2019년중에는 가격부담 완화, 고용의 증가, 10여년전에 비해 40%정도 낮은 금리수준으로 인해 부동산 시장이 좋아 질 것으로 보고 있음. 다만, 신규 건축이 부진하여 재고가 부족한 점이 장기적으로 부동산시장을 불안정하게 하는 요인이 될 수 있음.
Canada’s home prices recovering from "significant correction"
Canada’s home prices increased 4% year-over-year in the fourth quarter of 2018, a sign of the market recovering from “the most significant housing correction” since the financial crisis. That’s the conclusion of a report from Royal LePage which shows that the median price of a home in Canada rose to $631,223. For a two-story home, the median rose 3.9% to $745,007, while the median price of a bungalow climbed 1.5% to $516,950. Condos remained the property type with the sharpest rise in prices nationwide rising 7.2% year-over-year to $447,915.
"The invisible hand that guides our complex economy hit the real estate reset button in 2018 and that is a good thing," said Phil Soper, president & CEO, Royal LePage. "Major market home price inflation through much of the decade had led to dangerous overheating in our most populous regions. Government regulatory intervention and rising interest rates, when combined with property price overshooting, triggered the correctional cycle we find ourselves working through today."

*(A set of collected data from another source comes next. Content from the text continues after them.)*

lemma tendsto_at_left_iff_shift_0:
  fixes f :: "real \<Rightarrow> 'a::topological_space"
  shows "(f \<longlongrightarrow> l) (at_left a) \<longleftrightarrow> ((\<lambda>\<epsilon>. f (a - \<epsilon>)) \<longlongrightarrow> l) (at_right 0)"
  unfolding at_left_minus[of a] filterlim_filtermap filterlim_at_right_to_0[of _ _ "-a"]
  by simp

context finite_measure
begin

lemma tendsto_measure_less_at_right:
  fixes X :: "'a \<Rightarrow> real"
  assumes X: "X \<in> borel_measurable M"
  shows "((\<lambda>x. measure M {u \<in> space M. X u < x}) \<longlongrightarrow> measure M {u \<in> space M. X u \<le> a})
    (at_right a)"
proof (rule tendsto_at_right_sequentially[of a "a + 1"])
  fix S :: "nat \<Rightarrow> real"
  assume S: "\<And>n. a < S n" "decseq S" "S \<longlonglongrightarrow> a"
  have "(\<Inter>n. {u \<in> space M. X u < S n}) = {u \<in> space M. X u \<le> a}"
    using S by (force intro: LIMSEQ_le_const[OF S(3)] less_imp_le le_less_trans)
  moreover have "(\<lambda>n. measure M {u \<in> space M. X u < S n}) \<longlonglongrightarrow> measure M (\<Inter>n. {u \<in> space M. X u < S n})"
    using X S(2) by (intro finite_Lim_measure_decseq) (auto simp: decseq_def dest: order.strict_trans2)
  ultimately show "(\<lambda>n. measure M {u \<in> space M. X u < S n}) \<longlonglongrightarrow> measure M {u \<in> space M. X u \<le> a}"
    by simp
qed simp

The report shows that secondary markets gained in Q4 2018 as buyers looked to more affordable options. Of the regions studied in the Royal LePage National House Price Composite, Windsor and Kingston saw the highest appreciation rates in Ontario, rising 14.7% and 13.8% year-over-year, respectively. Meanwhile, regions including Ottawa, Kitchener/Waterloo/Cambridge, and London saw strong aggregate price gains of 9.3%, 9.0%, and 8.9% respectively.
How is 2019 looking?
Last week’s decision by the BoC to hold interest rates steady at 1.75% and its reduced economic growth forecast (1.7% in 2019 rather than 2.1%) has prompted some economists to reset their forecasts. But Soper says that the underlying economics should support growth for Canada’s housing market in the year ahead. “House prices and home sales volumes were soft and slow last year; expect modestly better results in 2019,” he said.
One bright spot, he added, is a better condition for first-time buyers. This is due to easing prices, growing employment, and mortgage rates that are 40% lower for a 5-year FRM than they were a decade ago (3.5% now vs. 5.9% according to the Canadian Association of Accredited Mortgage Professionals). "Employment is high, rates are low, and home prices are essentially flat. 2019 is shaping up to be a year of rare opportunities," Soper said.
However, tight inventory remains a challenge for many Canadian housing markets and Soper says policymakers must not take their eyes off the ball on this. "In down markets, construction tends to slow, exasperating our housing shortage problems. From there it is simple supply and demand; if we don't build more homes, we risk another housing crisis and a return to runaway prices in our major markets," he warned.